Plus j’avance dans le temps et plus je me dis que l’essentiel, c’est l’écriture, « la voix » du récit. Je viens de découvrir Colette, un véritable choc (comme l’ont été Céline et Lavilliers), et son écriture pourrait tout me faire gober tant elle est raffinée, incarnée. J’ai lu tant de bouquins avec des intrigues bien huilées mais racontées à la truelle, sans style, sans la moindre dérision… Les Gentils a beau être sombre et poisseux, je me suis fait plaisir avec l’ironie, les punchlines, les jeux de mots puérils : sans ces quelques traits d’humour, le roman n’aurait pas la même tonalité. Quand ton bouquin sort, on te parle généralement des moments phares, et c’est normal, mais je suis de plus en plus convaincu que ce qui donne vie à la globalité d’un récit, ce sont les petites touches stylistiques, les petits détails. Comme ce passage où Franck se retrouve face à des agresseurs : l’un d’eux resserre ses doigts sur le manche de sa machette et ça produit un son infime, qui se mêle aux sonorités de la jungle. Cette seconde-là, j’ai passé plusieurs soirs à la peaufiner, car je savais que la dramaturgie de la scène dépendrait de ce type de détails.
Bepolar :Quels sont vos projets ? Sur quoi travaillez-vous ?
Michaël Mention : Pour la première fois, l’un de mes romans paraît sans que j’en aie débuté un nouveau. J’aimerais te dire que j’en profite pour me reposer, mais ce n’est pas le cas : en plus du boulot, je suis une formation qui me prend beaucoup de temps.

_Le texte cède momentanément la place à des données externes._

lemma abs_increment_le_if_locally_dominated:
  fixes F M :: "real \<Rightarrow> real"
  assumes "a \<le> b" and "d > 0"
    and dominated: "\<And>t t'. a \<le> t \<Longrightarrow> t \<le> t' \<Longrightarrow> t' \<le> b \<Longrightarrow> t' - t < d \<Longrightarrow>
                    \<bar>F t' - F t\<bar> \<le> e * (M t' - M t)"
  shows "\<bar>F b - F a\<bar> \<le> e * (M b - M a)"
proof -
  obtain p where p: "p tagged_division_of {a..b}" and fine: "(\<lambda>x. ball x (d / 2)) fine p"
    using fine_division_exists_real[OF gauge_ball] \<open>d > 0\<close> by (metis half_gt_zero)
  have "\<bar>F (Sup K) - F (Inf K)\<bar> \<le> e * (M (Sup K) - M (Inf K))" if xK: "(x, K) \<in> p" for x K
  proof -
    obtain u v where K: "K = {u..v}" and "x \<in> K"
      using tagged_division_ofD(2)[OF p xK] tagged_division_ofD(4)[OF p xK] by (metis box_real(2))
    then have "u \<le> v" by simp
    have "K \<subseteq> {a..b}" using tagged_division_ofD(3)[OF p xK] .
    moreover have "v - u < d"
    proof -
      have "K \<subseteq> ball x (d / 2)" using fine xK by (auto simp: fine_def)
      then have "u \<in> ball x (d / 2)" "v \<in> ball x (d / 2)" using K \<open>u \<le> v\<close> by auto
      then show ?thesis unfolding mem_ball dist_real_def by arith
    qed
    ultimately show ?thesis using dominated K \<open>u \<le> v\<close> by auto
  qed
  then have "(\<Sum>(x, K)\<in>p. \<bar>F (Sup K) - F (Inf K)\<bar>) \<le> (\<Sum>(x, K)\<in>p. e * (M (Sup K) - M (Inf K)))"
    by (intro sum_mono) auto
  then have "\<bar>\<Sum>(x, K)\<in>p. F (Sup K) - F (Inf K)\<bar> \<le> (\<Sum>(x, K)\<in>p. e * (M (Sup K) - M (Inf K)))"
    using sum_abs[of "\<lambda>(x, K). F (Sup K) - F (Inf K)" p] unfolding split_def by linarith
  also have "\<dots> = e * (M b - M a)"
    using additive_tagged_division_1[OF \<open>a \<le> b\<close> p, of M]
    by (simp add: sum_distrib_left[symmetric] split_def del: sum_distrib_left)
  finally show ?thesis
    by (simp add: additive_tagged_division_1[OF \<open>a \<le> b\<close> p])
qed

lemma eq_if_increments_dominated:
  fixes F M :: "real \<Rightarrow> real"
  assumes "a \<le> b"
    and dominated: "\<And>e. e > 0 \<Longrightarrow> \<exists>d>0. \<forall>t t'. a \<le> t \<longrightarrow> t \<le> t' \<longrightarrow> t' \<le> b \<longrightarrow> t' - t < d \<longrightarrow>
                    \<bar>F t' - F t\<bar> \<le> e * (M t' - M t)"
  shows "F b = F a"
proof (rule ccontr)
  assume "F b \<noteq> F a"
  then have pos: "\<bar>F b - F a\<bar> > 0" by simp
  define c where "c = \<bar>M b - M a\<bar> + 1"
  have "c > 0" by (simp add: c_def add_pos_nonneg)
  define e where "e = \<bar>F b - F a\<bar> / (2 * c)"
  have "e > 0" using pos \<open>c > 0\<close> by (simp add: e_def)
  then obtain d where "d > 0" and "\<forall>t t'. a \<le> t \<longrightarrow> t \<le> t' \<longrightarrow> t' \<le> b \<longrightarrow> t' - t < d \<longrightarrow>
                    \<bar>F t' - F t\<bar> \<le> e * (M t' - M t)"
    using dominated by blast
  then have "\<bar>F b - F a\<bar> \<le> e * (M b - M a)"
    using abs_increment_le_if_locally_dominated[OF \<open>a \<le> b\<close> \<open>d > 0\<close>] by blast
  also have "\<dots> \<le> e * c" using \<open>e > 0\<close> by (intro mult_left_mono) (auto simp: c_def)
  also have "\<dots> = \<bar>F b - F a\<bar> / 2" using \<open>c > 0\<close> by (simp add: e_def)
  finally show False using pos by simp
qed

lemma integral_Icc_increment:
  fixes f :: "real \<Rightarrow> 'a::banach"
  assumes "f integrable_on {a..b}" and "a \<le> t" "t \<le> t'" "t' \<le> b"
  shows "integral {a..t'} f - integral {a..t} f = integral {t..t'} f"
  using Henstock_Kurzweil_Integration.integral_combine[of a t t' f]
    integrable_subinterval_real[OF assms(1), of a t'] assms
  by (auto simp: algebra_simps)

lemma integral_inner_frozen_estimate:
  fixes g h :: "real \<Rightarrow> 'a::euclidean_space"
  assumes g: "continuous_on {t..t'} g" and h: "h absolutely_integrable_on {t..t'}"
    and I: "(h has_integral I) {t..t'}" and osc: "\<And>s. s \<in> {t..t'} \<Longrightarrow> norm (g s - g t) \<le> e"
  shows "\<bar>integral {t..t'} (\<lambda>s. g s \<bullet> h s) - g t \<bullet> I\<bar> \<le> e * integral {t..t'} (\<lambda>s. norm (h s))"
proof -
  have "(\<lambda>s. g s \<bullet> h s) integrable_on {t..t'}"
    using absolutely_integrable_inner_continuous[OF g h] by (simp add: absolutely_integrable_on_def)
  moreover have "((\<lambda>s. g t \<bullet> h s) has_integral g t \<bullet> I) {t..t'}"
    using has_integral_linear[OF I bounded_linear_inner_right] by (simp add: o_def)
  ultimately have osc_int:
    "((\<lambda>s. (g s - g t) \<bullet> h s) has_integral integral {t..t'} (\<lambda>s. g s \<bullet> h s) - g t \<bullet> I) {t..t'}"
    using has_integral_diff[OF integrable_integral] by (simp add: inner_diff_left)
  show ?thesis
    using integral_inner_norm_bound[OF has_integral_integrable[OF osc_int] h osc]
    by (simp add: integral_unique[OF osc_int])
qed

lemma integral_inner_eq_if_locally_linear:
  fixes g h \<gamma> :: "real \<Rightarrow> 'a::euclidean_space" and \<Phi> :: "real \<Rightarrow> real"
  assumes "a \<le> b" and g: "continuous_on {a..b} g" and h: "h absolutely_integrable_on {a..b}"
    and \<gamma>: "antiderivative_on a b h \<gamma>"
    and linear: "\<And>e. e > 0 \<Longrightarrow> \<exists>d>0. \<forall>t t'. a \<le> t \<longrightarrow> t \<le> t' \<longrightarrow> t' \<le> b \<longrightarrow> t' - t < d \<longrightarrow>
                   \<bar>\<Phi> t' - \<Phi> t - g t \<bullet> (\<gamma> t' - \<gamma> t)\<bar> \<le> e * norm (\<gamma> t' - \<gamma> t)"
  shows "integral {a..b} (\<lambda>s. g s \<bullet> h s) = \<Phi> b - \<Phi> a"
proof -
  define F where "F t = \<Phi> t - integral {a..t} (\<lambda>s. g s \<bullet> h s)" for t
  define M where "M t = integral {a..t} (\<lambda>s. norm (h s))" for t
  have gh: "(\<lambda>s. g s \<bullet> h s) integrable_on {a..b}" and nh: "(\<lambda>s. norm (h s)) integrable_on {a..b}"
    using absolutely_integrable_inner_continuous[OF g h] h by (simp_all add: absolutely_integrable_on_def)
  have "F b = F a"
  proof (rule eq_if_increments_dominated[OF \<open>a \<le> b\<close>])
    fix e :: real
    assume "e > 0"
    then obtain d1 where "d1 > 0" and d1: "\<forall>t t'. a \<le> t \<longrightarrow> t \<le> t' \<longrightarrow> t' \<le> b \<longrightarrow> t' - t < d1 \<longrightarrow>
                   \<bar>\<Phi> t' - \<Phi> t - g t \<bullet> (\<gamma> t' - \<gamma> t)\<bar> \<le> e / 2 * norm (\<gamma> t' - \<gamma> t)"
      using linear[of "e / 2"] by auto
    obtain d2 where "d2 > 0"
      and d2: "\<And>s t. s \<in> {a..b} \<Longrightarrow> t \<in> {a..b} \<Longrightarrow> dist s t < d2 \<Longrightarrow> dist (g s) (g t) < e / 2"
      using compact_uniformly_continuous[OF g compact_Icc] \<open>e > 0\<close>
      unfolding uniformly_continuous_on_def by (meson half_gt_zero)
    have "\<bar>F t' - F t\<bar> \<le> e * (M t' - M t)"
      if t: "a \<le> t" "t \<le> t'" "t' \<le> b" "t' - t < min d1 d2" for t t'
    proof -
      have "{t..t'} \<subseteq> {a..b}" using t by auto
      then have ht: "h absolutely_integrable_on {t..t'}" and gt: "continuous_on {t..t'} g"
        using absolutely_integrable_on_subinterval[OF h] continuous_on_subset[OF g] by blast+
      have h_int: "(h has_integral (\<gamma> t' - \<gamma> t)) {t..t'}"
        using antiderivative_onD[OF \<gamma> t(1,2)] t by simp
      have M_incr: "M t' - M t = integral {t..t'} (\<lambda>s. norm (h s))"
        using integral_Icc_increment[OF nh t(1-3)] by (simp add: M_def)
      have "\<bar>\<Phi> t' - \<Phi> t - g t \<bullet> (\<gamma> t' - \<gamma> t)\<bar> \<le> e / 2 * norm (\<gamma> t' - \<gamma> t)"
        using d1 t by auto
      also have "norm (\<gamma> t' - \<gamma> t) \<le> M t' - M t"
        unfolding M_incr integral_unique[OF h_int, symmetric]
        using ht by (intro integral_norm_bound_integral) (auto simp: absolutely_integrable_on_def)
      then have "e / 2 * norm (\<gamma> t' - \<gamma> t) \<le> e / 2 * (M t' - M t)"
        using \<open>e > 0\<close> by (intro mult_left_mono) auto
      finally have "\<bar>\<Phi> t' - \<Phi> t - g t \<bullet> (\<gamma> t' - \<gamma> t)\<bar> \<le> e / 2 * (M t' - M t)" .
      moreover have "\<bar>integral {t..t'} (\<lambda>s. g s \<bullet> h s) - g t \<bullet> (\<gamma> t' - \<gamma> t)\<bar> \<le> e / 2 * (M t' - M t)"
        unfolding M_incr
      proof (rule integral_inner_frozen_estimate[OF gt ht h_int])
        show "norm (g s - g t) \<le> e / 2" if "s \<in> {t..t'}" for s
          using d2[of s t] that t by (auto simp: dist_norm dist_real_def)
      qed
      moreover have "F t' - F t = (\<Phi> t' - \<Phi> t - g t \<bullet> (\<gamma> t' - \<gamma> t))
          - (integral {t..t'} (\<lambda>s. g s \<bullet> h s) - g t \<bullet> (\<gamma> t' - \<gamma> t))"
        using integral_Icc_increment[OF gh t(1-3)] by (simp add: F_def)
      ultimately show ?thesis
        using abs_triangle_ineq4[of "\<Phi> t' - \<Phi> t - g t \<bullet> (\<gamma> t' - \<gamma> t)"] by linarith
    qed
    then show "\<exists>d>0. \<forall>t t'. a \<le> t \<longrightarrow> t \<le> t' \<longrightarrow> t' \<le> b \<longrightarrow> t' - t < d \<longrightarrow>
                 \<bar>F t' - F t\<bar> \<le> e * (M t' - M t)"
      using \<open>d1 > 0\<close> \<open>d2 > 0\<close> by (intro exI[of _ "min d1 d2"]) auto
  qed
  then show ?thesis by (simp add: F_def)
qed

Ces derniers mois, j’ai lu des docs sur les cabinets de conseil, les masculinistes d’extrême droite, des sujets passionnants mais que je n’ai pas forcément envie de traiter. Il y a les sujets intéressants et ceux qui le sont au point de t’inspirer un récit. Alors, je lis beaucoup, je me laisse un peu vivre en attendant une idée de roman. De toute façon, le prochain est déjà prêt, il s’intitule De Mort Lente, c’est une reparution prévue chez Belfond en 2024. Et j’ai hâte.